Jermaine Walker

Personal information
- Born: April 5, 1977 Pompano Beach, Florida, U.S.
- Died: December 11, 2024 (aged 47)
- Listed height: 6 ft 6 in (1.98 m)
- Listed weight: 225 lb (102 kg)

Career information
- High school: Blanche Ely (Pompano Beach, Florida)
- College: Miami (Florida) (1996–1997)
- NBA draft: 1998: undrafted
- Playing career: 1997–2007
- Position: Forward

Career history
- 1997–1998: Juve Caserta
- 1997–1998: Rapid City Thrillers
- 1998–1999: La Crosse Bobcats
- 1999–2000: Idaho Stampede
- 2000: Marinos de Oriente
- 2000: Gulf Coast SunDogs
- 2000–2001: Memphis Houn'Dawgs
- 2000–2001: Ironi Ashkelon
- 2001: Lakeland Blue Ducks
- 2001–2002: Fargo-Moorhead Beez
- 2002: FedEx Express
- 2002: Columbus Riverdragons
- 2002–2003: Huntsville Flight
- 2003–2004: Marinos de Oriente
- 2004: Aris Thessaloniki
- 2005: Rockford Lightning
- 2005: Marinos de Anzoátegui
- 2005: BCM Gravelines-Dunkerque
- 2006: Sioux Falls Skyforce
- 2007: Marinos de Anzoátegui

Career highlights
- Third-team Parade All-American (1996); McDonald's All-American (1996);

= Jermaine Walker =

American basketball player (1977–2024)

Jermaine Walker (April 5, 1977 – December 11, 2024) was an American professional basketball player.

== College career ==
Walker played college basketball for the Miami Hurricanes during the 1996–97 season.
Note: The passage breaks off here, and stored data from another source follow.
lemma Dmat_cross_term_le:
  fixes a c :: "real^'d"
  assumes t: "\<tau> \<ge> 0"
  shows "- (\<Sum>i\<in>UNIV. \<Sum>j\<in>UNIV. c $ i * Dmat (us 0) \<tau> x $ i $ j * (a $ j + c $ j))
     \<le> 1/2 * wnorm2 (Dmat (us 0) \<tau> x) a"
proof -
  define D where "D i j = Dmat (us 0) \<tau> x $ i $ j" for i j
  define Q where "Q v = (\<Sum>i\<in>UNIV. \<Sum>j\<in>UNIV. v $ i * D i j * v $ j)" for v :: "real^'d"
  have Q0: "Q v \<ge> 0" for v unfolding Q_def D_def using Dmat_quadratic_form_nonneg[OF t] .
  have w: "wnorm2 (Dmat (us 0) \<tau> x) a = Q a"
    by (simp add: wnorm2_def Q_def D_def inner_vec_def matrix_vector_mult_def sum_distrib_left algebra_simps)
  have cross: "(\<Sum>i\<in>UNIV. \<Sum>j\<in>UNIV. c $ i * D i j * a $ j) = (\<Sum>i\<in>UNIV. \<Sum>j\<in>UNIV. a $ i * D i j * c $ j)"
    by (subst sum.swap) (simp add: D_def Dmat_sym mult.commute mult.left_commute)
  have exp: "Q (a + c) = Q a + 2 * (\<Sum>i\<in>UNIV. \<Sum>j\<in>UNIV. c $ i * D i j * a $ j) + Q c"
    using cross by (simp add: Q_def algebra_simps sum.distrib)
  have lhs: "(\<Sum>i\<in>UNIV. \<Sum>j\<in>UNIV. c $ i * D i j * (a $ j + c $ j)) = (\<Sum>i\<in>UNIV. \<Sum>j\<in>UNIV. c $ i * D i j * a $ j) + Q c"
    by (simp add: Q_def algebra_simps sum.distrib)
  have "- ((\<Sum>i\<in>UNIV. \<Sum>j\<in>UNIV. c $ i * D i j * a $ j) + Q c) \<le> 1/2 * Q a"
    \<comment> \<open>twice the difference of the two sides is \<open>Q (a + c) + Q c\<close>\<close>
    using Q0[of "a + c"] Q0[of c] exp by linarith
  then show ?thesis using lhs w by (simp add: D_def)
qed

section \<open>Dissipation of the relative entropy\<close>

lemma KLdens_eq_wint:
  assumes t: "\<tau> \<ge> 0"
  shows "KLdens (u \<tau>) (us \<tau>) = wint (u \<tau>) (\<lambda>y. ln (u \<tau> y) - ln (us \<tau> y))"
proof -
  have mu: "u \<tau> \<in> borel_measurable lborel" and ms: "us \<tau> \<in> borel_measurable lborel"
    using gauss_smooth_on_measurable(1)[OF gauss_smooth_on_u[OF t], of \<tau>] gauss_smooth_on_measurable(1)[OF gauss_smooth_on_us[OF t], of \<tau>] t
      by auto
  have "KL_divergence (exp 1) (density lborel (us \<tau>)) (density lborel (u \<tau>))
      = (\<integral>x. u \<tau> x * log (exp 1) (u \<tau> x / us \<tau> x) \<partial>lborel)"
    by (rule lborel.KL_density_density) (use mu ms u_pos[OF t] us_pos[OF t] in \<open>auto simp: less_imp_le intro!: AE_I2 dest: order.strict_implies_not_eq\<close>, metis less_irrefl)
  also have "\<dots> = wint (u \<tau>) (\<lambda>y. ln (u \<tau> y) - ln (us \<tau> y))"
  proof -
    have nz: "u \<tau> x \<noteq> 0" "us \<tau> x \<noteq> 0" for x using u_pos[OF t, of x] us_pos[OF t, of x] by auto
    show ?thesis unfolding wint_def using u_pos[OF t] us_pos[OF t] by (simp add: log_def ln_div nz)
  qed
  finally show ?thesis by (simp add: KLdens_def)
qed

lemma gauss_decay_u: "\<tau> \<ge> 0 \<Longrightarrow> gauss_decay (u \<tau>)"
  using gauss_smooth_on_gauss_decay[OF gauss_smooth_on_u[of \<tau>], of \<tau>] by simp

lemma wint_u_by_parts:
  assumes t: "\<tau> \<ge> 0" and p: "poly_smooth p"
  shows "wint (u \<tau>) (\<lambda>y. score_u \<tau> y $ j * p y) = - wint (u \<tau>) (\<lambda>y. partial p y j)"
proof -
  have w: "gauss_smooth (u \<tau>)"
    using gauss_smooth_on_slice[OF gauss_smooth_on_u[OF t], of \<tau>] t by simp
  show ?thesis using wint_by_parts[OF w p, of j "\<lambda>y. score_u \<tau> y $ j"] partial_u[OF t] by simp
qed

definition "log_ratio t y = ln (u t y) - ln (us t y)"

text \<open>\<open>rel_div_u t = div (u\<^sub>t v\<^sub>t) / u\<^sub>t\<close> and \<open>rel_div_us t = div (u*\<^sub>t v*\<^sub>t) / u*\<^sub>t\<close>.\<close>

definition "rel_div_u t y = (\<Sum>i\<in>UNIV. score_u t y $ i * vel_u t y i + partial (\<lambda>y. vel_u t y i) y i)"
definition "rel_div_us t y = (\<Sum>i\<in>UNIV. score_us t y $ i * vel_us t y i + partial (\<lambda>y. vel_us t y i) y i)"

lemma poly_smooth_on_log_ratio: "T \<ge> 0 \<Longrightarrow> poly_smooth_on {0..T} log_ratio"
  unfolding log_ratio_def[abs_def] by (intro poly_smooth_on_diff poly_smooth_on_ln_u poly_smooth_on_ln_us)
He was late to join the team as he failed his SAT twice before he passed it in December 1996. Walker left the Hurricanes in June 1997 to embark on a professional career.

== Professional career ==
Walker was under contract with Toronto Raptors (1999), Miami Heat (1999) and Orlando Magic (2002) of the National Basketball Association (NBA). He played professionally for Juve Caserta in Italy (1997–98), Rapid City Thrillers (IBA, 1997–98), La Crosse Bobcats (CBA, 1998–99), Idaho Stampede (CBA, 1999–00), Marinos B.B.C. (Venezuela, 2000), Gulf Coast SunDogs (USBL, 2000), Memphis Houn'Dawgs (ABA, 2000–01), Ironi Ashkelon (Israel, 2000–01), Lakeland Blue Ducks (USBL, 2001), Fargo-Moorhead Beez (CBA, 2001–02), FedEx Express (Philippines, 2002), Columbus Riverdragons and Huntsville Flight (NBDL, 2002–03), Marinos B.B.C. (Venezuela, 2003–04), Aris Thessaloniki (Greece, 2004), Rockford Lightning (CBA, 2005), Marinos B.B.C. (Venezuela, 2005), BCM Gravelines-Dunkerque (France, 2005), Sioux Falls Skyforce (CBA, 2006) and again with Marinos B.B.C. in Venezuela in 2007.

== Personal life and death ==
On September 22, 1998, Walker was shot in his left hip and had his car stolen after he was confronted outside his parents' house in Pompano Beach, Florida. Travaris Welch, who was identified by Walker, was charged with armed robbery and attempted murder.

Walker died on December 11, 2024, at the age of 47.